There may well be superstitious souls out there who stayed in bed all day yesterday, thus avoiding what-ever slings and arrows that outrageous fortune held in store for them.

The reason? Triskaidekaphobia - or fear of Friday the 13th. An altogether splendid word, which owes more to the ingenuity of modern quasi-classical wordsmiths than to ancient usage. Nevertheless it is a useful invention which well describes the frailty of an unreasonable fear.

Another word for irrational fear is panic, no more logical in its suffering although it at least has the benefit of a genuinely ancient pedigree. It stems from the Greek "panikon deima" - Literally "the fear caused by Pan"

An important nuance of panic is nameless fear ... fuelled by the unexplained noises of the night, scuffling of dead leaves when neither man nor beast is to be seen, and strange sighs and strange sighs on the windless air.
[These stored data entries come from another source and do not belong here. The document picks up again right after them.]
(* Let $\mathcal K$ be a finitely complete 2-category with a good yoneda structure. Let $A$ be an admissible object, $f:A\to B$ an admissible 1-cell, $g:B\to\mathcal PA$ a 1-cell, and $\phi:y_A\Rightarrow gf$ a 2-cell. If $\phi$ exhibits $g$ as a left extension of $y_A$ along $f$, then this left extension is pointwise and $\phi$ exhibits $f$ as an absolute left lifting of $y_A$ along $g$.
   Context: For $f:A\to B$, $g:C\to B$ the lax pullback $f/g$ has projections $p:f/g\to A$, $q:f/g\to C$ and universal 2-cell $\lambda:fp\Rightarrow gq$. Given $f:A\to C$, $g:A\to B$, $h:B\to C$, a 2-cell $\phi:f\Rightarrow hg$ exhibits $h$ as a left extension of $f$ along $g$ if for every $k:B\to C$, $\kappa\mapsto(\kappa g)\cdot\phi$ is a bijection from 2-cells $h\Rightarrow k$ to 2-cells $f\Rightarrow kg$; it exhibits $g$ as a left lifting of $f$ along (through) $h$ if for every $k:A\to B$, $\kappa\mapsto(h\kappa)\cdot\phi$ is a bijection from 2-cells $g\Rightarrow k$ to 2-cells $f\Rightarrow hk$; this left lifting is absolute if $\phi j$ exhibits $gj$ as a left lifting of $fj$ along $h$ for all $j:D\to A$. $\phi$ exhibits $h$ as a pointwise left extension of $f$ along $g$ if for every $c:X\to B$, with lax pullback $p:g/c\to A$, $q:g/c\to X$, $\lambda:gp\Rightarrow cq$, the 2-cell $(h\lambda)\cdot(\phi p)$ exhibits $hc$ as a left extension of $fp$ along $q$. A good yoneda structure on a finitely complete 2-category consists of: a class of admissible 1-cells such that $fg$ is admissible whenever $f$ is; an object $A$ is admissible when $1_A$ is; for each admissible object $A$ an object $\mathcal PA$ and an admissible $y_A:A\to\mathcal PA$; for each $f:A\to B$ with $A$, $f$ admissible, a 1-cell $B(f,1):B\to\mathcal PA$ and a 2-cell $\chi^f:y_A\Rightarrow B(f,1)f$; such that (i) $\chi^f$ exhibits $f$ as an absolute left lifting of $y_A$ through $B(f,1)$; (ii) whenever $A$, $f:A\to B$ are admissible and $\phi:y_A\Rightarrow gf$ exhibits $f$ as an absolute left lifting of $y_A$ along $g$, $\phi$ exhibits $g$ as a pointwise left extension of $y_A$ along $f$. *)

theory Defs
  imports Main
begin

text \<open>A (strict) 2-category: objects, 1-cells with source/target, 2-cells with
  domain/codomain 1-cells; cmp g f is the composite g after f; vcmp b a is vertical
  composite (a first); hcmp b a is horizontal composite (a on the right/first).\<close>

record ('o, 'a, 'c) twocat =
  obj  :: "'o set"
  arr  :: "'a set"
  src  :: "'a \<Rightarrow> 'o"
  tgt  :: "'a \<Rightarrow> 'o"
  cell :: "'c set"
  dom2 :: "'c \<Rightarrow> 'a"
  cod2 :: "'c \<Rightarrow> 'a"
  cmp  :: "'a \<Rightarrow> 'a \<Rightarrow> 'a"
  idn  :: "'o \<Rightarrow> 'a"
  vcmp :: "'c \<Rightarrow> 'c \<Rightarrow> 'c"
  hcmp :: "'c \<Rightarrow> 'c \<Rightarrow> 'c"
  id2  :: "'a \<Rightarrow> 'c"

definition hom :: "('o,'a,'c,'m) twocat_scheme \<Rightarrow> 'o \<Rightarrow> 'o \<Rightarrow> 'a set" where
  "hom C A B = {f \<in> arr C. src C f = A \<and> tgt C f = B}"

definition cells :: "('o,'a,'c,'m) twocat_scheme \<Rightarrow> 'a \<Rightarrow> 'a \<Rightarrow> 'c set" where
  "cells C f g = {\<alpha> \<in> cell C. dom2 C \<alpha> = f \<and> cod2 C \<alpha> = g}"

text \<open>Whiskering: wr C a j is "a j", wl C h a is "h a".\<close>
definition wr :: "('o,'a,'c,'m) twocat_scheme \<Rightarrow> 'c \<Rightarrow> 'a \<Rightarrow> 'c" where
  "wr C \<alpha> j = hcmp C \<alpha> (id2 C j)"

definition wl :: "('o,'a,'c,'m) twocat_scheme \<Rightarrow> 'a \<Rightarrow> 'c \<Rightarrow> 'c" where
  "wl C h \<alpha> = hcmp C (id2 C h) \<alpha>"

definition two_cat :: "('o,'a,'c,'m) twocat_scheme \<Rightarrow> bool" where
  "two_cat C \<longleftrightarrow>
    (\<forall>f\<in>arr C. src C f \<in> obj C \<and> tgt C f \<in> obj C) \<and>
    (\<forall>A\<in>obj C. idn C A \<in> hom C A A) \<and>
    (\<forall>f\<in>arr C. \<forall>g\<in>arr C. tgt C f = src C g \<longrightarrow> cmp C g f \<in> hom C (src C f) (tgt C g)) \<and>
    (\<forall>f\<in>arr C. \<forall>g\<in>arr C. \<forall>h\<in>arr C. tgt C f = src C g \<longrightarrow> tgt C g = src C h \<longrightarrow>
        cmp C h (cmp C g f) = cmp C (cmp C h g) f) \<and>
    (\<forall>f\<in>arr C. cmp C f (idn C (src C f)) = f \<and> cmp C (idn C (tgt C f)) f = f) \<and>
    (\<forall>\<alpha>\<in>cell C. dom2 C \<alpha> \<in> arr C \<and> cod2 C \<alpha> \<in> arr C \<and>
        src C (dom2 C \<alpha>) = src C (cod2 C \<alpha>) \<and> tgt C (dom2 C \<alpha>) = tgt C (cod2 C \<alpha>)) \<and>
    (\<forall>f\<in>arr C. id2 C f \<in> cells C f f) \<and>
    (\<forall>\<alpha>\<in>cell C. \<forall>\<beta>\<in>cell C. cod2 C \<alpha> = dom2 C \<beta> \<longrightarrow>
        vcmp C \<beta> \<alpha> \<in> cells C (dom2 C \<alpha>) (cod2 C \<beta>)) \<and>
    (\<forall>\<alpha>\<in>cell C. \<forall>\<beta>\<in>cell C. \<forall>\<gamma>\<in>cell C. cod2 C \<alpha> = dom2 C \<beta> \<longrightarrow> cod2 C \<beta> = dom2 C \<gamma> \<longrightarrow>
        vcmp C \<gamma> (vcmp C \<beta> \<alpha>) = vcmp C (vcmp C \<gamma> \<beta>) \<alpha>) \<and>
    (\<forall>\<alpha>\<in>cell C. vcmp C \<alpha> (id2 C (dom2 C \<alpha>)) = \<alpha> \<and> vcmp C (id2 C (cod2 C \<alpha>)) \<alpha> = \<alpha>) \<and>
    (\<forall>\<alpha>\<in>cell C. \<forall>\<beta>\<in>cell C. tgt C (dom2 C \<alpha>) = src C (dom2 C \<beta>) \<longrightarrow>
        hcmp C \<beta> \<alpha> \<in> cells C (cmp C (dom2 C \<beta>) (dom2 C \<alpha>)) (cmp C (cod2 C \<beta>) (cod2 C \<alpha>))) \<and>
    (\<forall>\<alpha>\<in>cell C. \<forall>\<beta>\<in>cell C. \<forall>\<gamma>\<in>cell C.
        tgt C (dom2 C \<alpha>) = src C (dom2 C \<beta>) \<longrightarrow> tgt C (dom2 C \<beta>) = src C (dom2 C \<gamma>) \<longrightarrow>
        hcmp C \<gamma> (hcmp C \<beta> \<alpha>) = hcmp C (hcmp C \<gamma> \<beta>) \<alpha>) \<and>
    (\<forall>\<alpha>\<in>cell C. hcmp C (id2 C (idn C (tgt C (dom2 C \<alpha>)))) \<alpha> = \<alpha> \<and>
        hcmp C \<alpha> (id2 C (idn C (src C (dom2 C \<alpha>)))) = \<alpha>) \<and>
    (\<forall>f\<in>arr C. \<forall>g\<in>arr C. tgt C f = src C g \<longrightarrow>
        hcmp C (id2 C g) (id2 C f) = id2 C (cmp C g f)) \<and>
    (\<forall>\<alpha>\<in>cell C. \<forall>\<alpha>'\<in>cell C. \<forall>\<beta>\<in>cell C. \<forall>\<beta>'\<in>cell C.
        cod2 C \<alpha> = dom2 C \<alpha>' \<longrightarrow> cod2 C \<beta> = dom2 C \<beta>' \<longrightarrow> tgt C (dom2 C \<alpha>) = src C (dom2 C \<beta>) \<longrightarrow>
        vcmp C (hcmp C \<beta>' \<alpha>') (hcmp C \<beta> \<alpha>) = hcmp C (vcmp C \<beta>' \<beta>) (vcmp C \<alpha>' \<alpha>))"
These sounds and their accompanying terror were attributed to Pan, the God of nature - in retrospect, a fear not all that unreasonable when sprites and spirits lived in every grove, stream and woodland.

True Panic - "Phobos" to the Greeks - was something universal, inhabiting the darkness, the air, the sky and the Earth itself. Long names described the circumstances of the condition: claustrophobia if it happened in confined spaces agoraphobia if in the open.

Now the fearful can match their anxieties with a whole catalogue of ingeniously named phobias from aillurophobia (fear of cats) to xenophobia (fear of foreigners) Apart from the inventiveness of all the phobias, joining together Greek elements has given us a host of useful every-day words

Among them are chrysanthemum (gold + flower), cosmopolitan (world + citizen) phosphorous (light + bearer) photography (light + writing), helicopter (spiral + wing) and telephone (far off + voice) Strictly speaking, television (far + seeing) should be telescope, but Galileo got off the mark faster than John Logie Baird. He was thus able to coin a pure Greek derivative for his invention, forcing Baird to resort to a hybrid based on the Latin suffix "Video."